START TASK INPUT
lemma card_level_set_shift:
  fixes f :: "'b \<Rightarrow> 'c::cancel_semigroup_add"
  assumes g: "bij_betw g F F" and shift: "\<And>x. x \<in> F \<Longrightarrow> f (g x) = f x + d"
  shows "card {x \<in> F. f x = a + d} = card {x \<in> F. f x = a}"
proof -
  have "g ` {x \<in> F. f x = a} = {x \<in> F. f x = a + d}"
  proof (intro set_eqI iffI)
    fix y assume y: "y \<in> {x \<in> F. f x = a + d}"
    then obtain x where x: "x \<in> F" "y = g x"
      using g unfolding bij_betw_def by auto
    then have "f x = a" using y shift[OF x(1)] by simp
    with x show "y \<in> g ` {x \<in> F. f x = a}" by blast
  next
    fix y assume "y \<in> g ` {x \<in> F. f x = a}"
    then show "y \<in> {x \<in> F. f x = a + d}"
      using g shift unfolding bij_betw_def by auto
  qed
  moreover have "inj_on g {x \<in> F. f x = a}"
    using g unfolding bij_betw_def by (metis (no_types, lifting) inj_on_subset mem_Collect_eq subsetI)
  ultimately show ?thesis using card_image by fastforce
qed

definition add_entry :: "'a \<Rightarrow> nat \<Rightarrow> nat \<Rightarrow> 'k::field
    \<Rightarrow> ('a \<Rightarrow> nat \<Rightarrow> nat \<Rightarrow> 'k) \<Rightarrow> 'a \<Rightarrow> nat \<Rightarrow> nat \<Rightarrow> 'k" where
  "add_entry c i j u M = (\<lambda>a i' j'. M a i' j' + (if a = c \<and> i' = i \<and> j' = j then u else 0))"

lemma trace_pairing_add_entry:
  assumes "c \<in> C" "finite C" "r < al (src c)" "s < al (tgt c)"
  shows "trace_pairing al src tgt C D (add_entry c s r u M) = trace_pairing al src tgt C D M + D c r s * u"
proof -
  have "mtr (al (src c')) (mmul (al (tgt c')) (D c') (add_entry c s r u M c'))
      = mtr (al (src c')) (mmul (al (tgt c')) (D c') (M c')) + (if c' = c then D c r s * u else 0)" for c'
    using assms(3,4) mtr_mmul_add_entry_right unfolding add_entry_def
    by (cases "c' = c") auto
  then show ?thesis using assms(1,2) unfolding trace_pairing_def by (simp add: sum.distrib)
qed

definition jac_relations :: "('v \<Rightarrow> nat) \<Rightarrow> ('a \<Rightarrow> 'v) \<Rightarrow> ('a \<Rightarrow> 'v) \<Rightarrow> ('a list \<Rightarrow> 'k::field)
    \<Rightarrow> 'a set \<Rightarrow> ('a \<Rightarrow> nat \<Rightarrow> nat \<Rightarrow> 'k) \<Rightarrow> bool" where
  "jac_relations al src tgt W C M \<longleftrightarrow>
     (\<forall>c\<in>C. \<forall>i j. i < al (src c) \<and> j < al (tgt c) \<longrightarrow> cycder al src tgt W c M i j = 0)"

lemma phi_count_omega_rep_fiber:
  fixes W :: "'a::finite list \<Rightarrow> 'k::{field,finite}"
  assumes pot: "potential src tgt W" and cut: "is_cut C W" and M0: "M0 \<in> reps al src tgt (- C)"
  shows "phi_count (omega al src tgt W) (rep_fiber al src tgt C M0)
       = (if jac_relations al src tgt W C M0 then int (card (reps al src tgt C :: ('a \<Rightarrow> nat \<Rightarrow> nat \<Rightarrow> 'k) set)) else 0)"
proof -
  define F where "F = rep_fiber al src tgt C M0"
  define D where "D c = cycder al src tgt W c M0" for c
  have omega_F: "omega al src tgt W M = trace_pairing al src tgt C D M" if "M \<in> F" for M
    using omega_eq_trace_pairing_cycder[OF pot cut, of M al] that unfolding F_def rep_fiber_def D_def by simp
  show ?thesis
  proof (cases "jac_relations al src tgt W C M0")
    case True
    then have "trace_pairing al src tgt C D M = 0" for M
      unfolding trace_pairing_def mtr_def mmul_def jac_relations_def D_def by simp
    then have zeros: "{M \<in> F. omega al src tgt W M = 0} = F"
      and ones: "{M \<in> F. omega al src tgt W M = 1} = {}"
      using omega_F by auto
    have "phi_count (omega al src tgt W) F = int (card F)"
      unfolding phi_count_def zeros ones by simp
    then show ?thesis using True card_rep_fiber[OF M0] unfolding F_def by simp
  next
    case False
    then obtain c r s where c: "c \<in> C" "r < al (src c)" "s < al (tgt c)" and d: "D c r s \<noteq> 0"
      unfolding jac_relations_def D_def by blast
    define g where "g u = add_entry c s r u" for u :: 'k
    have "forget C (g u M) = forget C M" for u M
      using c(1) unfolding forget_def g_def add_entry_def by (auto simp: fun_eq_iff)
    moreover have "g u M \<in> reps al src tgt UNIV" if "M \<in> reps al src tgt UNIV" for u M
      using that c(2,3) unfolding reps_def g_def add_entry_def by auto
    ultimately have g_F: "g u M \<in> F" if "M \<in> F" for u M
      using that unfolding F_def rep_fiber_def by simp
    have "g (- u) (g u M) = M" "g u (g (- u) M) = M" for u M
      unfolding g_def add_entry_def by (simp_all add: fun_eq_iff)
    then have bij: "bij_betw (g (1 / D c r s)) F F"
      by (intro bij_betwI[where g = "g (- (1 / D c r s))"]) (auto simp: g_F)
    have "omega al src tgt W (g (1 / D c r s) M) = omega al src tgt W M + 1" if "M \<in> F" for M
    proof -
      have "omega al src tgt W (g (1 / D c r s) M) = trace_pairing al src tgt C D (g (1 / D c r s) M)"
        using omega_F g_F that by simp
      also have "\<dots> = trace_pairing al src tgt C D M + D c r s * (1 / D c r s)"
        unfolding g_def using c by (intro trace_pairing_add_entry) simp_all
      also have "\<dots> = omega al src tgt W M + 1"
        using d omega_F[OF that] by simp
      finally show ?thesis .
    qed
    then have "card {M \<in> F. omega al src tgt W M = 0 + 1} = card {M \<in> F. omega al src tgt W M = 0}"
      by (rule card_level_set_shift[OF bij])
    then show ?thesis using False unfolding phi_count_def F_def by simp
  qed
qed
END TASK INPUT
§ **TASK TO CARRY OUT**:
Once more, write out the entries exactly as they were written.

§ **RESULT FOR THIS EXERCISE**:
lemma card_level_set_shift:
  fixes f :: "'b \<Rightarrow> 'c::cancel_semigroup_add"
  assumes g: "bij_betw g F F" and shift: "\<And>x. x \<in> F \<Longrightarrow> f (g x) = f x + d"
  shows "card {x \<in> F. f x = a + d} = card {x \<in> F. f x = a}"
proof -
  have "g ` {x \<in> F. f x = a} = {x \<in> F. f x = a + d}"
  proof (intro set_eqI iffI)
    fix y assume y: "y \<in> {x \<in> F. f x = a + d}"
    then obtain x where x: "x \<in> F" "y = g x"
      using g unfolding bij_betw_def by auto
    then have "f x = a" using y shift[OF x(1)] by simp
    with x show "y \<in> g ` {x \<in> F. f x = a}" by blast
  next
    fix y assume "y \<in> g ` {x \<in> F. f x = a}"
    then show "y \<in> {x \<in> F. f x = a + d}"
      using g shift unfolding bij_betw_def by auto
  qed
  moreover have "inj_on g {x \<in> F. f x = a}"
    using g unfolding bij_betw_def by (metis (no_types, lifting) inj_on_subset mem_Collect_eq subsetI)
  ultimately show ?thesis using card_image by fastforce
qed

definition add_entry :: "'a \<Rightarrow> nat \<Rightarrow> nat \<Rightarrow> 'k::field
    \<Rightarrow> ('a \<Rightarrow> nat \<Rightarrow> nat \<Rightarrow> 'k) \<Rightarrow> 'a \<Rightarrow> nat \<Rightarrow> nat \<Rightarrow> 'k" where
  "add_entry c i j u M = (\<lambda>a i' j'. M a i' j' + (if a = c \<and> i' = i \<and> j' = j then u else 0))"

lemma trace_pairing_add_entry:
  assumes "c \<in> C" "finite C" "r < al (src c)" "s < al (tgt c)"
  shows "trace_pairing al src tgt C D (add_entry c s r u M) = trace_pairing al src tgt C D M + D c r s * u"
proof -
  have "mtr (al (src c')) (mmul (al (tgt c')) (D c') (add_entry c s r u M c'))
      = mtr (al (src c')) (mmul (al (tgt c')) (D c') (M c')) + (if c' = c then D c r s * u else 0)" for c'
    using assms(3,4) mtr_mmul_add_entry_right unfolding add_entry_def
    by (cases "c' = c") auto
  then show ?thesis using assms(1,2) unfolding trace_pairing_def by (simp add: sum.distrib)
qed

definition jac_relations :: "('v \<Rightarrow> nat) \<Rightarrow> ('a \<Rightarrow> 'v) \<Rightarrow> ('a \<Rightarrow> 'v) \<Rightarrow> ('a list \<Rightarrow> 'k::field)
    \<Rightarrow> 'a set \<Rightarrow> ('a \<Rightarrow> nat \<Rightarrow> nat \<Rightarrow> 'k) \<Rightarrow> bool" where
  "jac_relations al src tgt W C M \<longleftrightarrow>
     (\<forall>c\<in>C. \<forall>i j. i < al (src c) \<and> j < al (tgt c) \<longrightarrow> cycder al src tgt W c M i j = 0)"

lemma phi_count_omega_rep_fiber:
  fixes W :: "'a::finite list \<Rightarrow> 'k::{field,finite}"
  assumes pot: "potential src tgt W" and cut: "is_cut C W" and M0: "M0 \<in> reps al src tgt (- C)"
  shows "phi_count (omega al src tgt W) (rep_fiber al src tgt C M0)
       = (if jac_relations al src tgt W C M0 then int (card (reps al src tgt C :: ('a \<Rightarrow> nat \<Rightarrow> nat \<Rightarrow> 'k) set)) else 0)"
proof -
  define F where "F = rep_fiber al src tgt C M0"
  define D where "D c = cycder al src tgt W c M0" for c
  have omega_F: "omega al src tgt W M = trace_pairing al src tgt C D M" if "M \<in> F" for M
    using omega_eq_trace_pairing_cycder[OF pot cut, of M al] that unfolding F_def rep_fiber_def D_def by simp
  show ?thesis
  proof (cases "jac_relations al src tgt W C M0")
    case True
    then have "trace_pairing al src tgt C D M = 0" for M
      unfolding trace_pairing_def mtr_def mmul_def jac_relations_def D_def by simp
    then have zeros: "{M \<in> F. omega al src tgt W M = 0} = F"
      and ones: "{M \<in> F. omega al src tgt W M = 1} = {}"
      using omega_F by auto
    have "phi_count (omega al src tgt W) F = int (card F)"
      unfolding phi_count_def zeros ones by simp
    then show ?thesis using True card_rep_fiber[OF M0] unfolding F_def by simp
  next
    case False
    then obtain c r s where c: "c \<in> C" "r < al (src c)" "s < al (tgt c)" and d: "D c r s \<noteq> 0"
      unfolding jac_relations_def D_def by blast
    define g where "g u = add_entry c s r u" for u :: 'k
    have "forget C (g u M) = forget C M" for u M
      using c(1) unfolding forget_def g_def add_entry_def by (auto simp: fun_eq_iff)
    moreover have "g u M \<in> reps al src tgt UNIV" if "M \<in> reps al src tgt UNIV" for u M
      using that c(2,3) unfolding reps_def g_def add_entry_def by auto
    ultimately have g_F: "g u M \<in> F" if "M \<in> F" for u M
      using that unfolding F_def rep_fiber_def by simp
    have "g (- u) (g u M) = M" "g u (g (- u) M) = M" for u M
      unfolding g_def add_entry_def by (simp_all add: fun_eq_iff)
    then have bij: "bij_betw (g (1 / D c r s)) F F"
      by (intro bij_betwI[where g = "g (- (1 / D c r s))"]) (auto simp: g_F)
    have "omega al src tgt W (g (1 / D c r s) M) = omega al src tgt W M + 1" if "M \<in> F" for M
    proof -
      have "omega al src tgt W (g (1 / D c r s) M) = trace_pairing al src tgt C D (g (1 / D c r s) M)"
        using omega_F g_F that by simp
      also have "\<dots> = trace_pairing al src tgt C D M + D c r s * (1 / D c r s)"
        unfolding g_def using c by (intro trace_pairing_add_entry) simp_all
      also have "\<dots> = omega al src tgt W M + 1"
        using d omega_F[OF that] by simp
      finally show ?thesis .
    qed
    then have "card {M \<in> F. omega al src tgt W M = 0 + 1} = card {M \<in> F. omega al src tgt W M = 0}"
      by (rule card_level_set_shift[OF bij])
    then show ?thesis using False unfolding phi_count_def F_def by simp
  qed
qed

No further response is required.